(* Let $L\in R[x][\partial]$ have positive order and let $k\in\mathbb{N}$ be such that $M_k(L)$ contains a desingularized operator for $L$. Let $s$ be a nonzero element of the $k$th coefficient ideal $I_k$ of minimal degree in $x$. Then every operator $S\in M_k(L)$ with $\mathrm{lc}_\partial(S)=s$ is a desingularized operator for $L$.
   Context: $R$ is a principal ideal domain with quotient field $Q_R$. $\sigma$ is an $R$-automorphism of $R[x]$ with $\sigma(x)=\gamma x+\tau$ ($\gamma,\tau\in R$, $\gamma$ a unit), and $\delta$ is an $R$-linear $\sigma$-derivation of $R[x]$ with $\delta(x)\in R[x]$ of degree at most $1$. $R[x][\partial]$ is the Ore algebra with $\partial p=\sigma(p)\partial+\delta(p)$, contained in $Q_R(x)[\partial]$. Order $\deg_\partial$ and leading coefficient $\mathrm{lc}_\partial$ are with respect to $\partial$. $\mathrm{cont}(L)=Q_R(x)[\partial]L\cap R[x][\partial]$; $M_k(L)=\{P\in\mathrm{cont}(L):\deg_\partial P\le k\}$; the $k$th coefficient ideal is $I_k=\{[\partial^k]P: P\in M_k(L)\}\cup\{0\}\subseteq R[x]$, where $[\partial^k]P$ is the coefficient of $\partial^k$ in $P$. Removability: for $p\in R[x]$ dividing $\mathrm{lc}_\partial(L)$, $p$ is removable from $L$ at order $k$ if there are $P\in Q_R(x)[\partial]$ of order $k$ and $w,v\in R[x]$ with $\gcd(p,w)=1$ in $R[x]$ such that $PL\in R[x][\partial]$ and $\sigma^{-k}(\mathrm{lc}_\partial(PL))=\frac{w}{vp}\mathrm{lc}_\partial(L)$; removable means removable at some order, non-removable otherwise. Desingularized operator: if $L$ has order $r>0$ and $\mathrm{lc}_\partial(L)=c\,p_1^{e_1}\cdots p_m^{e_m}$ with $c\in R$, $p_i\in R[x]\setminus R$ irreducible and pairwise coprime, then $T\in R[x][\partial]$ of order $k$ is desingularized for $L$ if $T\in\mathrm{cont}(L)$ and $\sigma^{r-k}(\mathrm{lc}_\partial(T))=\frac{a}{b\,p_1^{k_1}\cdots p_m^{k_m}}\mathrm{lc}_\partial(L)$ for some $a,b\in R$, $b\neq 0$, nonnegative integers $k_i$ such that $p_i^{d_i}$ is non-removable from $L$ for all integers $d_i>k_i$. *)

theory Defs
  imports "HOL-Computational_Algebra.Computational_Algebra"
begin

class pid = idom +
  assumes principal_ideal:
    "\<And>I :: 'a set. 0 \<in> I \<Longrightarrow> (\<forall>x\<in>I. \<forall>y\<in>I. x + y \<in> I) \<Longrightarrow>
       (\<forall>x\<in>I. \<forall>r. r * x \<in> I) \<Longrightarrow> \<exists>g. I = range (\<lambda>r. g * r)"

text \<open>Q_R(x) is represented as the fraction field of R[x], i.e. type 'a poly fract.
  R[x] is embedded via to_fract; R is embedded via constant polynomials.
  Ore operators (elements of Q_R(x)[d]) are represented by their coefficient
  sequences, stored in the type ('a poly fract) poly; the coefficient of d^i
  is coeff P i.  The (noncommutative) Ore product is ore_mult below; the
  commutative product of the poly type is never used for operators.\<close>

definition sigmaR :: "'a::idom \<Rightarrow> 'a \<Rightarrow> 'a poly \<Rightarrow> 'a poly" where
  "sigmaR \<gamma> \<tau> p = pcompose p [:\<tau>, \<gamma>:]"

text \<open>The unique R-linear sigma-derivation with delta(x) = dx:
  delta(x^n) = sum_{i<n} sigma(x)^i * dx * x^(n-1-i).\<close>
definition deltaR :: "'a::idom \<Rightarrow> 'a \<Rightarrow> 'a poly \<Rightarrow> 'a poly \<Rightarrow> 'a poly" where
  "deltaR \<gamma> \<tau> dx p =
     (\<Sum>n\<le>degree p. smult (coeff p n)
        (\<Sum>i<n. [:\<tau>, \<gamma>:] ^ i * dx * [:0, 1:] ^ (n - 1 - i)))"

definition sigmaK :: "'a::idom \<Rightarrow> 'a \<Rightarrow> 'a poly fract \<Rightarrow> 'a poly fract" where
  "sigmaK \<gamma> \<tau> q = (SOME r. \<exists>a b. b \<noteq> 0 \<and> q = Fraction_Field.Fract a b \<and>
        r = Fraction_Field.Fract (sigmaR \<gamma> \<tau> a) (sigmaR \<gamma> \<tau> b))"

definition deltaK :: "'a::idom \<Rightarrow> 'a \<Rightarrow> 'a poly \<Rightarrow> 'a poly fract \<Rightarrow> 'a poly fract" where
  "deltaK \<gamma> \<tau> dx q = (SOME r. \<exists>a b. b \<noteq> 0 \<and> q = Fraction_Field.Fract a b \<and>
        r = Fraction_Field.Fract (deltaR \<gamma> \<tau> dx a * b - a * deltaR \<gamma> \<tau> dx b)
                                  (b * sigmaR \<gamma> \<tau> b))"

text \<open>Integer powers of sigma on Q_R(x) (sigma is an automorphism when gamma is a unit).\<close>
definition sigma_pow :: "'a::idom \<Rightarrow> 'a \<Rightarrow> int \<Rightarrow> 'a poly fract \<Rightarrow> 'a poly fract" where
  "sigma_pow \<gamma> \<tau> n = (if 0 \<le> n then sigmaK \<gamma> \<tau> ^^ nat n
                       else inv (sigmaK \<gamma> \<tau>) ^^ nat (- n))"

definition lmulD :: "'a::idom \<Rightarrow> 'a \<Rightarrow> 'a poly \<Rightarrow> 'a poly fract poly \<Rightarrow> 'a poly fract poly" where
  "lmulD \<gamma> \<tau> dx P = pCons 0 (map_poly (sigmaK \<gamma> \<tau>) P) + map_poly (deltaK \<gamma> \<tau> dx) P"

definition ore_mult ::
  "'a::idom \<Rightarrow> 'a \<Rightarrow> 'a poly \<Rightarrow> 'a poly fract poly \<Rightarrow> 'a poly fract poly \<Rightarrow> 'a poly fract poly" where
  "ore_mult \<gamma> \<tau> dx P Q = (\<Sum>i\<le>degree P. smult (coeff P i) ((lmulD \<gamma> \<tau> dx ^^ i) Q))"

definition in_RxD :: "'a::idom poly fract poly \<Rightarrow> bool" where
  "in_RxD P \<longleftrightarrow> (\<forall>i. coeff P i \<in> range to_fract)"

definition cont :: "'a::idom \<Rightarrow> 'a \<Rightarrow> 'a poly \<Rightarrow> 'a poly fract poly \<Rightarrow> 'a poly fract poly set" where
  "cont \<gamma> \<tau> dx L = {P. in_RxD P \<and> (\<exists>Q. P = ore_mult \<gamma> \<tau> dx Q L)}"

definition Mk :: "'a::idom \<Rightarrow> 'a \<Rightarrow> 'a poly \<Rightarrow> 'a poly fract poly \<Rightarrow> nat \<Rightarrow> 'a poly fract poly set" where
  "Mk \<gamma> \<tau> dx L k = {P \<in> cont \<gamma> \<tau> dx L. degree P \<le> k}"

definition coeff_ideal :: "'a::idom \<Rightarrow> 'a \<Rightarrow> 'a poly \<Rightarrow> 'a poly fract poly \<Rightarrow> nat \<Rightarrow> 'a poly set" where
  "coeff_ideal \<gamma> \<tau> dx L k = {p. \<exists>P \<in> Mk \<gamma> \<tau> dx L k. to_fract p = coeff P k} \<union> {0}"

text \<open>gcd(p,w)=1 is written out as: every common divisor is a unit.
  p is removable from L at order k (p in R[x] must divide lc(L)).\<close>
definition removable_at ::
  "'a::idom \<Rightarrow> 'a \<Rightarrow> 'a poly \<Rightarrow> 'a poly fract poly \<Rightarrow> 'a poly \<Rightarrow> nat \<Rightarrow> bool" where
  "removable_at \<gamma> \<tau> dx L p k \<longleftrightarrow>
     (\<exists>q. lead_coeff L = to_fract (p * q)) \<and>
     (\<exists>P w v. P \<noteq> 0 \<and> degree P = k \<and> v \<noteq> 0 \<and> (\<forall>g. g dvd p \<longrightarrow> g dvd w \<longrightarrow> g dvd 1) \<and>
        in_RxD (ore_mult \<gamma> \<tau> dx P L) \<and>
        sigma_pow \<gamma> \<tau> (- int k) (lead_coeff (ore_mult \<gamma> \<tau> dx P L)) =
          to_fract w / (to_fract v * to_fract p) * lead_coeff L)"

definition removable ::
  "'a::idom \<Rightarrow> 'a \<Rightarrow> 'a poly \<Rightarrow> 'a poly fract poly \<Rightarrow> 'a poly \<Rightarrow> bool" where
  "removable \<gamma> \<tau> dx L p \<longleftrightarrow> (\<exists>k. removable_at \<gamma> \<tau> dx L p k)"

definition lc_factorization ::
  "'a::idom poly fract poly \<Rightarrow> 'a \<Rightarrow> 'a poly set \<Rightarrow> ('a poly \<Rightarrow> nat) \<Rightarrow> bool" where
  "lc_factorization L c Ps e \<longleftrightarrow>
     finite Ps \<and> (\<forall>p\<in>Ps. irreducible p \<and> degree p > 0 \<and> e p > 0) \<and>
     (\<forall>p\<in>Ps. \<forall>q\<in>Ps. p \<noteq> q \<longrightarrow> (\<forall>g. g dvd p \<longrightarrow> g dvd q \<longrightarrow> g dvd 1)) \<and>
     lead_coeff L = to_fract ([:c:] * (\<Prod>p\<in>Ps. p ^ e p))"

text \<open>T is a desingularized operator for L (L of order r, T of order k).
  The factorization of lc(L) is unique up to units and order, so we quantify
  over all such factorizations.\<close>
definition desingularized ::
  "'a::idom \<Rightarrow> 'a \<Rightarrow> 'a poly \<Rightarrow> 'a poly fract poly \<Rightarrow> 'a poly fract poly \<Rightarrow> bool" where
  "desingularized \<gamma> \<tau> dx L T \<longleftrightarrow>
     T \<noteq> 0 \<and> T \<in> cont \<gamma> \<tau> dx L \<and>
     (\<forall>c Ps e. lc_factorization L c Ps e \<longrightarrow>
        (\<exists>a b kk. b \<noteq> 0 \<and>
           sigma_pow \<gamma> \<tau> (int (degree L) - int (degree T)) (lead_coeff T) =
             to_fract [:a:] / (to_fract [:b:] * to_fract (\<Prod>p\<in>Ps. p ^ kk p)) * lead_coeff L \<and>
           (\<forall>p\<in>Ps. \<forall>d. d > kk p \<longrightarrow> \<not> removable \<gamma> \<tau> dx L (p ^ d))))"

end

theory Submission
  imports Defs
begin

text \<open>Let T \<in> M_k(L) be desingularized. Left multiplication by powers of the Ore variable brings
  S and T to order exactly k without leaving cont(L); their leading coefficients become twists s'
  and t' of lc(S) and lc(T), and both lie in the ideal I_k of R[x]. As s' has the minimal degree
  in I_k, pseudo-division of t' by s' leaves a remainder in I_k of smaller degree, hence zero, so
  s' divides a constant multiple of t'. Applying sigma^(r-k), the normalised leading coefficient
  of S divides a constant multiple of that of T, which is a/(b p_1^k_1 ... p_m^k_m) lc(L). Since
  irreducible polynomials over a principal ideal domain are prime, unique factorisation shows that
  the former is u/(c p_1^(e_1-f_1) ... p_m^(e_m-f_m)) lc(L) with f_i + k_i \<le> e_i, so the exponents
  only grow and S is desingularized.\<close>

definition is_ideal :: "'a::comm_ring_1 set \<Rightarrow> bool" where
  "is_ideal I \<longleftrightarrow> 0 \<in> I \<and> (\<forall>x\<in>I. \<forall>y\<in>I. x + y \<in> I) \<and> (\<forall>x\<in>I. \<forall>r. r * x \<in> I)"

lemma is_idealI:
  assumes "0 \<in> I" "\<And>x y. x \<in> I \<Longrightarrow> y \<in> I \<Longrightarrow> x + y \<in> I" "\<And>x r. x \<in> I \<Longrightarrow> r * x \<in> I"
  shows "is_ideal I"
  using assms unfolding is_ideal_def by blast

lemma is_ideal_add: "is_ideal I \<Longrightarrow> x \<in> I \<Longrightarrow> y \<in> I \<Longrightarrow> x + y \<in> I"
  unfolding is_ideal_def by blast

lemma is_ideal_mult: "is_ideal I \<Longrightarrow> x \<in> I \<Longrightarrow> r * x \<in> I"
  unfolding is_ideal_def by blast

lemma is_ideal_diff:
  assumes "is_ideal I" "x \<in> I" "y \<in> I"
  shows "x - y \<in> I"
  using is_ideal_add[OF assms(1,2) is_ideal_mult[OF assms(1,3), of "-1"]] by simp

definition ideal_pair :: "'a::comm_ring_1 \<Rightarrow> 'a \<Rightarrow> 'a set" where
  "ideal_pair x y = {a * x + b * y | a b. True}"

lemma is_ideal_ideal_pair: "is_ideal (ideal_pair x y)"
proof (rule is_idealI)
  show "0 \<in> ideal_pair x y"
    unfolding ideal_pair_def by (auto intro!: exI[of _ 0])
next
  fix u v assume "u \<in> ideal_pair x y" "v \<in> ideal_pair x y"
  then obtain a b c d where "u = a * x + b * y" "v = c * x + d * y"
    unfolding ideal_pair_def by blast
  then have "u + v = (a + c) * x + (b + d) * y" by (simp add: algebra_simps)
  then show "u + v \<in> ideal_pair x y" unfolding ideal_pair_def by blast
next
  fix u r assume "u \<in> ideal_pair x y"
  then obtain a b where "u = a * x + b * y" unfolding ideal_pair_def by blast
  then have "r * u = (r * a) * x + (r * b) * y" by (simp add: algebra_simps)
  then show "r * u \<in> ideal_pair x y" unfolding ideal_pair_def by blast
qed

lemma left_mem_ideal_pair: "x \<in> ideal_pair x y"
proof -
  have "x = 1 * x + 0 * y" by simp
  then show ?thesis unfolding ideal_pair_def by blast
qed

lemma right_mem_ideal_pair: "y \<in> ideal_pair x y"
proof -
  have "y = 0 * x + 1 * y" by simp
  then show ?thesis unfolding ideal_pair_def by blast
qed

lemma ideal_pairE:
  assumes "z \<in> ideal_pair x y"
  obtains a b where "z = a * x + b * y"
  using assms unfolding ideal_pair_def by blast

section \<open>Principal ideal domains\<close>

lemma pid_ideal_principal:
  fixes I :: "'a::pid set"
  assumes "is_ideal I"
  obtains g where "I = range ((*) g)"
  using principal_ideal[of I] assms unfolding is_ideal_def by blast

lemma wf_strict_dvd_pid: "wf {(a::'a::pid, b). b \<noteq> 0 \<and> a dvd b \<and> \<not> b dvd a}"
proof (rule ccontr)
  assume "\<not> ?thesis"
  then obtain f :: "nat \<Rightarrow> 'a" where "\<And>i. (f (Suc i), f i) \<in> {(a, b). b \<noteq> 0 \<and> a dvd b \<and> \<not> b dvd a}"
    unfolding wf_iff_no_infinite_down_chain by blast
  then have f: "\<And>i. f i \<noteq> 0 \<and> f (Suc i) dvd f i \<and> \<not> f i dvd f (Suc i)" by simp
  have chain: "f j dvd f i" if "i \<le> j" for i j
    using that
  proof (induction j rule: dec_induct)
    case (step j)
    then show ?case using f[of j] by (blast intro: dvd_trans)
  qed simp
  \<comment> \<open>The union of the chain of principal ideals is an ideal, hence generated by a single element
    lying in one of them.\<close>
  define I where "I = {x. \<exists>n. f n dvd x}"
  have "is_ideal I"
  proof (rule is_idealI)
    fix x y assume "x \<in> I" "y \<in> I"
    then obtain n m where "f n dvd x" "f m dvd y" unfolding I_def by auto
    moreover have "f (max n m) dvd f n" "f (max n m) dvd f m" by (simp_all add: chain)
    ultimately have "f (max n m) dvd x" "f (max n m) dvd y" by (meson dvd_trans)+
    then show "x + y \<in> I" unfolding I_def by (blast intro: dvd_add)
  qed (auto simp: I_def intro: dvd_mult)
  then obtain g where g: "I = range ((*) g)" by (rule pid_ideal_principal)
  have "g * 1 \<in> I" unfolding g by (rule rangeI)
  then obtain N where "f N dvd g" unfolding I_def by auto
  moreover have "f (Suc N) \<in> I" unfolding I_def by (blast intro: dvd_refl)
  then have "g dvd f (Suc N)" unfolding g by auto
  ultimately show False using f[of N] dvd_trans by blast
qed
═══
• **Task to complete**
Lines containing the word "operators" are to be located in the entries and copied.

• **Output**
  Ore operators (elements of Q_R(x)[d]) are represented by their coefficient
  commutative product of the poly type is never used for operators.\<close>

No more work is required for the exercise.